The marriage of appellant Larry Delano Eckman and respondent Marilyn Louise *387 Eckman was dissolved by a dissolution judgment entered November 20, 1985. Pursuant to the parties’ stipulation, appellant was awarded custody of the parties’ minor son, Larry Delano, Jr., born February 6, 1971.

In August 1986, respondent moved to change custody based on the minor son’s preference to live with her. The court issued its order on October 23, 1986 denying respondent’s motion pursuant to Minn.Stat. § 518.18(a) (1986). That statute provides a motion for a change of custody may not be made for a year after the initial custody order except when visitation is denied or the child’s present environment endangers his physical or emotional health. The court found none of those conditions existed at that time and further explained:

This court acknowledges the child’s preference for his mother’s home environment. That fact, however, does not necessarily imply that the boy’s physical or emotional health is endangered or impaired in his father’s home. In fact, he claims that he gets along well with his father and enjoys being with him. However, for a variety of reasons, he would prefer to live with his mother.
Evidence was presented which would indicate that some problems have occurred relative to the [respondent’s] visitation. It appears that [appellant] has caused some of these problems. This is regretable and [appellant] must understand that such conduct cannot occur in the future. However, these incidents have not occurred to such a degree as to justify a change of custody.
Finally, it is this court's opinion that a change of custody might be warranted in the future. If another four or five months pass and Larry Jr. still wishes to reside with his mother, the court would strongly urge the parents to accede to his wishes. The court would strongly consider granting such a request should it again come before the court at that time. The court reaches this conclusion because of the age of this boy. He is old enough to have a significant say as to where he should reside. This is particularly true where there is no indication that he is using the custody issue in any way to compromise parental control over him.

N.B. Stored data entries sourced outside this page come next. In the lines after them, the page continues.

lemma Re_herm_quad_axis_add_sum:
  assumes "cmod w = 1"
  shows "Re (herm_quad S (axis q (cnj w) + axis r 1)) + Re (herm_quad S (axis q (cnj w) - axis r 1))
           = 2 * (Re (S$q$q) + Re (S$r$r))"
proof -
  have "herm_quad S (axis q (cnj w)) = S$q$q * (w * cnj w)"
    unfolding herm_quad_eq_herm_sesq herm_sesq_axis by (simp add: ac_simps)
  also have "w * cnj w = 1"
    using assms complex_norm_square[of w] by simp
  finally have "herm_quad S (axis q (cnj w)) = S$q$q" by simp
  moreover have "herm_quad S (axis r 1) = S$r$r"
    unfolding herm_quad_eq_herm_sesq herm_sesq_axis by simp
  ultimately show ?thesis
    using arg_cong[OF herm_quad_parallelogram[of S "axis q (cnj w)" "axis r 1"], of Re] by simp
qed

lemma Re_herm_quad_axis_add_diff:
  assumes "hermitian_pd S"
  shows "Re (herm_quad S (axis q (cnj w) + axis r 1)) - Re (herm_quad S (axis q (cnj w) - axis r 1))
           = 4 * Re (w * S$q$r)"
proof -
  have "S$r$q = cnj (S$q$r)"
    using assms unfolding hermitian_pd_def by blast
  then show ?thesis
    using arg_cong[OF herm_quad_polarization[of S "axis q (cnj w)" "axis r 1"], of Re]
    unfolding herm_sesq_axis by simp
qed

lemma circ_complex_gaussian_mgf_cross_le:
  fixes X :: "'a \<Rightarrow> complex^'p"
  assumes "prob_space M" "circ_complex_gaussian M X S" "hermitian_pd S"
    and "cmod w = 1" "Re (S$q$q) \<le> \<sigma>" "Re (S$r$r) \<le> \<sigma>" "8 * \<bar>\<theta>\<bar> * \<sigma> \<le> 1"
  shows "(\<integral>\<^sup>+x. exp (\<theta> * (Re (w * (X x $ q * cnj (X x $ r))) - Re (w * S$q$r))) \<partial>M)
           \<le> exp (16 * \<theta>\<^sup>2 * \<sigma>\<^sup>2)"
proof -
  define cp where "cp = axis q (cnj w) + axis r 1"
  define cm where "cm = axis q (cnj w) - axis r 1"
  define vp where "vp = Re (herm_quad S cp)"
  define vm where "vm = Re (herm_quad S cm)"
  have [measurable]: "X \<in> borel_measurable M"
    using assms(2) unfolding circ_complex_gaussian_def by blast
  have "0 \<le> vp" "0 \<le> vm"
    unfolding vp_def vm_def using hermitian_pd_herm_quad_nonneg[OF assms(3)] by auto
  moreover have "vp + vm = 2 * (Re (S$q$q) + Re (S$r$r))"
    unfolding vp_def vm_def cp_def cm_def by (rule Re_herm_quad_axis_add_sum[OF assms(4)])
  ultimately have "vp \<le> 4 * \<sigma>" "vm \<le> 4 * \<sigma>"
    using assms(5,6) by auto
  have mean: "Re (w * S$q$r) = (vp - vm) / 4"
    using Re_herm_quad_axis_add_diff[OF assms(3), of q w r] unfolding vp_def vm_def cp_def cm_def by simp
  have half: "(\<integral>\<^sup>+x. exp (\<phi> * ((cmod (herm_dot c (X x)))\<^sup>2 - Re (herm_quad S c))) \<partial>M)
      \<le> exp (16 * \<theta>\<^sup>2 * \<sigma>\<^sup>2)"
    if "\<phi> = \<theta> / 2 \<or> \<phi> = - \<theta> / 2" "Re (herm_quad S c) \<le> 4 * \<sigma>" for \<phi> c
  proof -
    have "\<bar>\<phi>\<bar> * (4 * \<sigma>) \<le> 1/4" and "4 * \<phi>\<^sup>2 * (4 * \<sigma>)\<^sup>2 = 16 * \<theta>\<^sup>2 * \<sigma>\<^sup>2"
      using that(1) assms(7) by (auto simp: power2_eq_square algebra_simps)
    then show ?thesis
      using circ_complex_gaussian_mgf_cmod_sq_le[OF assms(1-3) that(2)] by metis
  qed
  have split: "\<theta> * (Re (w * (y $ q * cnj (y $ r))) - Re (w * S$q$r))
      = ((\<theta> / 2) * ((cmod (herm_dot cp y))\<^sup>2 - vp) + (- \<theta> / 2) * ((cmod (herm_dot cm y))\<^sup>2 - vm)) / 2"
    for y
    unfolding cp_def cm_def herm_dot_axis_sum herm_dot_axis_diff mult.assoc[symmetric]
      Re_mult_cnj_polarization mean
    by (simp add: field_simps)
  have "(\<integral>\<^sup>+x. exp (((\<theta> / 2) * ((cmod (herm_dot cp (X x)))\<^sup>2 - vp)
           + (- \<theta> / 2) * ((cmod (herm_dot cm (X x)))\<^sup>2 - vm)) / 2) \<partial>M) \<le> exp (16 * \<theta>\<^sup>2 * \<sigma>\<^sup>2)"
    using \<open>vp \<le> 4 * \<sigma>\<close> \<open>vm \<le> 4 * \<sigma>\<close> unfolding vp_def vm_def
    by (intro nn_integral_exp_midpoint_le half) (auto simp: herm_dot_def)
  then show ?thesis unfolding split .
qed

lemma (in prob_space) Chernoff_indep_sum:
  fixes Y :: "'i \<Rightarrow> 'a \<Rightarrow> real" and \<theta> c a :: real
  assumes "finite I" "indep_vars (\<lambda>_. borel) Y I" "\<theta> > 0"
    and "\<And>k. k \<in> I \<Longrightarrow> (\<integral>\<^sup>+x. exp (\<theta> * Y k x) \<partial>M) \<le> exp c"
  shows "prob {x \<in> space M. a \<le> (\<Sum>k\<in>I. Y k x)} \<le> exp (- \<theta> * a + card I * c)"
proof -
  have [measurable]: "Y k \<in> borel_measurable M" if "k \<in> I" for k
    using assms(2) that unfolding indep_vars_def by auto
  have "emeasure M {x \<in> space M. a \<le> (\<Sum>k\<in>I. Y k x)}
      \<le> exp (- \<theta> * a) * (\<integral>\<^sup>+x. ennreal (exp (\<theta> * (\<Sum>k\<in>I. Y k x))) * indicator (space M) x \<partial>M)"
    using assms(3) by (intro Chernoff_ineq_nn_integral_ge) measurable
  also have "(\<integral>\<^sup>+x. ennreal (exp (\<theta> * (\<Sum>k\<in>I. Y k x))) * indicator (space M) x \<partial>M)
      = (\<integral>\<^sup>+x. (\<Prod>k\<in>I. ennreal (exp (\<theta> * Y k x))) \<partial>M)"
    using assms(1) by (intro nn_integral_cong) (simp add: sum_distrib_left exp_sum prod_ennreal)
  also have "\<dots> = (\<Prod>k\<in>I. \<integral>\<^sup>+x. exp (\<theta> * Y k x) \<partial>M)"
    using assms(1) by (intro indep_vars_nn_integral indep_vars_compose2[OF assms(2)]) auto
  also have "\<dots> \<le> (\<Prod>k\<in>I. ennreal (exp c))"
    using assms(4) by (intro prod_mono_ennreal)
  also have "ennreal (exp (- \<theta> * a)) * (\<Prod>k\<in>I. ennreal (exp c)) = exp (- \<theta> * a + card I * c)"
    by (simp add: ennreal_power ennreal_mult[symmetric] exp_diff exp_of_nat_mult[symmetric] exp_minus field_simps)
  finally show ?thesis
    by (simp add: mult_left_mono emeasure_eq_measure)
qed

lemma sum_Re_cross_eq_multitaper:
  "(\<Sum>k=1..m. Re (w * (d k $ q * cnj (d k $ r))) - Re (w * S$q$r))
     = real m * Re (w * (multitaper m d $ q $ r - S$q$r))"
proof (cases "m = 0")
  case False
  define T where "T = (\<Sum>k=1..m. d k $ q * cnj (d k $ r))"
  have "(\<Sum>k=1..m. Re (w * (d k $ q * cnj (d k $ r))) - Re (w * S$q$r))
      = Re (w * T) - real m * Re (w * S$q$r)"
    unfolding T_def by (simp add: sum_subtractf sum_distrib_left)
  also have "Re (w * T) = real m * Re (w * (T / of_nat m))"
    using False by (simp add: Re_divide_of_nat)
  finally show ?thesis
    unfolding multitaper_def vec_lambda_beta T_def[symmetric] by (simp only: right_diff_distrib minus_complex.sel)
qed simp

lemma borel_measurable_multitaper_nth:
  fixes d :: "nat \<Rightarrow> 'a \<Rightarrow> complex^'p"
  assumes "\<And>k. k \<in> {1..m} \<Longrightarrow> d k \<in> borel_measurable M"
  shows "(\<lambda>x. multitaper m (\<lambda>k. d k x) $ q $ r) \<in> borel_measurable M"
proof -
  have cross: "(\<lambda>v::complex^'p. v $ q * cnj (v $ r)) \<in> borel_measurable borel"
    by (intro borel_measurable_continuous_onI continuous_intros)
  have "(\<lambda>x. d k x $ q * cnj (d k x $ r)) \<in> borel_measurable M" if "k \<in> {1..m}" for k
    using measurable_compose[OF assms[OF that] cross] by simp
  then show ?thesis
    unfolding multitaper_def vec_lambda_beta by (intro borel_measurable_divide borel_measurable_sum) auto
qed

lemma multitaper_direction_tail:
  fixes d :: "nat \<Rightarrow> 'a \<Rightarrow> complex^'p"
  assumes "prob_space M" "m \<ge> 1" "hermitian_pd S"
    and "prob_space.indep_vars M (\<lambda>_. borel) d {1..m}"
    and "\<forall>k\<in>{1..m}. circ_complex_gaussian M (d k) S"
    and "cmod w = 1" "Re (S$q$q) \<le> \<sigma>" "Re (S$r$r) \<le> \<sigma>" "\<theta> > 0" "8 * \<theta> * \<sigma> \<le> 1"
  shows "measure M {x \<in> space M. t \<le> Re (w * (multitaper m (\<lambda>k. d k x) $ q $ r - S$q$r))}
           \<le> exp (- real m * (\<theta> * t - 16 * \<theta>\<^sup>2 * \<sigma>\<^sup>2))"
proof -
  interpret prob_space M by fact
  define f where "f v = Re (w * (v $ q * cnj (v $ r))) - Re (w * S$q$r)" for v :: "complex^'p"
  have f_measurable: "f \<in> borel_measurable borel"
    unfolding f_def by (intro borel_measurable_continuous_onI continuous_intros)
  have "{x \<in> space M. t \<le> Re (w * (multitaper m (\<lambda>k. d k x) $ q $ r - S$q$r))}
      = {x \<in> space M. real m * t \<le> (\<Sum>k\<in>{1..m}. f (d k x))}"
    using assms(2) sum_Re_cross_eq_multitaper[of w "\<lambda>k. d k _" q r S m] by (auto simp: f_def)
  also have "prob \<dots> \<le> exp (- \<theta> * (real m * t) + card {1..m} * (16 * \<theta>\<^sup>2 * \<sigma>\<^sup>2))"
  proof (rule Chernoff_indep_sum)
    show "indep_vars (\<lambda>_. borel) (\<lambda>k x. f (d k x)) {1..m}"
      using f_measurable by (intro indep_vars_compose2[OF assms(4)]) auto
    show "(\<integral>\<^sup>+x. exp (\<theta> * f (d k x)) \<partial>M) \<le> exp (16 * \<theta>\<^sup>2 * \<sigma>\<^sup>2)" if "k \<in> {1..m}" for k
      unfolding f_def using assms(5-10) that
      by (intro circ_complex_gaussian_mgf_cross_le[OF assms(1) _ assms(3)]) auto
  qed (use assms(9) in auto)
  finally show ?thesis by (simp add: algebra_simps)
qed

lemma (in prob_space) prob_cmod_ge_le_sum_rotations:
  fixes Z :: "'a \<Rightarrow> complex"
  assumes [measurable]: "Z \<in> borel_measurable M"
  shows "prob {x \<in> space M. \<delta> \<le> cmod (Z x)}
           \<le> (\<Sum>w\<in>{1, -1, \<i>, -\<i>}. prob {x \<in> space M. \<delta> / 2 \<le> Re (w * Z x)})"
proof -
  have "\<exists>w\<in>{1, -1, \<i>, -\<i>}. \<delta> / 2 \<le> Re (w * z)" if "\<delta> \<le> cmod z" for z
  proof -
    have "\<delta> / 2 \<le> \<bar>Re z\<bar> \<or> \<delta> / 2 \<le> \<bar>Im z\<bar>"
      using cmod_le[of z] that by linarith
    then show ?thesis by (auto simp: abs_real_def split: if_splits)
  qed
  then have "{x \<in> space M. \<delta> \<le> cmod (Z x)}
      \<subseteq> (\<Union>w\<in>{1, -1, \<i>, -\<i>}. {x \<in> space M. \<delta> / 2 \<le> Re (w * Z x)})"
    by blast
  then have "prob {x \<in> space M. \<delta> \<le> cmod (Z x)}
      \<le> prob (\<Union>w\<in>{1, -1, \<i>, -\<i>}. {x \<in> space M. \<delta> / 2 \<le> Re (w * Z x)})"
    by (intro finite_measure_mono) auto
  also have "\<dots> \<le> (\<Sum>w\<in>{1, -1, \<i>, -\<i>}. prob {x \<in> space M. \<delta> / 2 \<le> Re (w * Z x)})"
    by (intro finite_measure_subadditive_finite) auto
  finally show ?thesis .
qed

In January 1987, respondent again moved for a change of custody based upon all pleadings and documents previously filed with the court. On January 26, 1987, a hearing was held at which the parties and Larry Jr. testified. The day after the hearing, appellant received additional affidavits timely filed by respondent prior to the hearing. The affidavits included a diary kept by respondent recording appellant's interference with visitation. Larry Jr. also submitted an affidavit verifying the truth of the events detailed in the diary.

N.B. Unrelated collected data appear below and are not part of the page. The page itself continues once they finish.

lemma infinite_tree_has_branch:
  fixes T :: "'a list set"
  assumes "infinite T"
    and rooted: "\<And>p. p \<in> T \<Longrightarrow> \<exists>ys. p = x # ys"
    and prefix_closed: "\<And>p ys. p @ ys \<in> T \<Longrightarrow> p \<noteq> [] \<Longrightarrow> p \<in> T"
    and finitely_branching: "\<And>p. p \<in> T \<Longrightarrow> finite {c. p @ [c] \<in> T}"
  shows "\<exists>v. \<forall>n. map v [0..<Suc n] \<in> T"
proof -
  define subtree where "subtree p = {q \<in> T. \<exists>ys. q = p @ ys}" for p
  obtain p where "p \<in> T"
    using \<open>infinite T\<close> infinite_imp_nonempty by blast
  then obtain ys where "[x] @ ys \<in> T"
    using rooted by (metis append_Cons append_Nil)
  then have "[x] \<in> T" by (rule prefix_closed) simp
  have "subtree [x] = T"
    using rooted unfolding subtree_def by auto
  define P where "P n p \<longleftrightarrow> p \<in> T \<and> infinite (subtree p) \<and> length p = Suc n" for n p
  define Q where "Q (n :: nat) p q \<longleftrightarrow> (\<exists>c. q = p @ [c])" for n and p q :: "'a list"
  have "\<exists>f. \<forall>n. P n (f n) \<and> Q n (f n) (f (Suc n))"
  proof (rule dependent_nat_choice)
    show "\<exists>p. P 0 p"
      using \<open>[x] \<in> T\<close> \<open>subtree [x] = T\<close> \<open>infinite T\<close> unfolding P_def by auto
    show "\<exists>q. P (Suc n) q \<and> Q n p q" if p: "P n p" for p n
    proof -
      have "\<exists>c. p @ [c] \<in> T \<and> infinite (subtree (p @ [c]))"
        unfolding subtree_def
      proof (rule infinite_extensions_extend)
        show "\<And>q ys. q @ ys \<in> T \<Longrightarrow> q \<noteq> [] \<Longrightarrow> q \<in> T" by (fact prefix_closed)
        show "finite {c. p @ [c] \<in> T}" using p unfolding P_def by (simp add: finitely_branching)
        show "infinite {q \<in> T. \<exists>ys. q = p @ ys}" using p unfolding P_def subtree_def by simp
      qed
      then show ?thesis
        using p unfolding P_def Q_def by auto
    qed
  qed
  then obtain f where f: "\<And>n. P n (f n)" "\<And>n. Q n (f n) (f (Suc n))" by blast
  define v where "v n = last (f n)" for n
  have "f n = map v [0..<Suc n]" for n
  proof (induction n)
    case 0
    have "length (f 0) = 1" using f(1)[of 0] unfolding P_def by simp
    then show ?case unfolding v_def by (cases "f 0") auto
  next
    case (Suc n)
    obtain c where c: "f (Suc n) = f n @ [c]" using f(2)[of n] unfolding Q_def by blast
    then have "v (Suc n) = c" unfolding v_def by simp
    with c show ?case using Suc.IH by simp
  qed
  then have "map v [0..<Suc n] \<in> T" for n
    using f(1)[of n] unfolding P_def by simp
  then show ?thesis by blast
qed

Appellant then requested a rehearing which was held in early February. Because of short notice, appellant was personally unable to attend, but objected to admitting the evidence presented in the recently received affidavits. Appellant also submitted an affidavit responding to each incident described in respondent’s diary.

On March 3, 1987, the court granted respondent’s motion to change custody. The court found:

Larry Delano Eckman, Jr., is of suitable age and discretion to express a preference for the parent with whom he desires to reside, a significant change has occurred in the circumstances of the child, a change of custody is necessary to serve the best interests of the child, and that the change in circumstances endangers the child’s emotional health and development * * *.

The court awarded respondent legal and physical custody of Larry Jr., subject to appellant’s reasonable visitation rights. The court also ordered appellant to pay child support according to the child support guidelines. In an attached memorandum, the court further explained:

The bottom line in this case is that this youth is sixteen years of age and wishes to live with his mother. There is no indication that he has anything against his father or that he is requesting a change of custody in order to play one parent against the other. It is this *388 court’s opinion that under this type of circumstance the youth should be able to choose which parent with whom he will reside.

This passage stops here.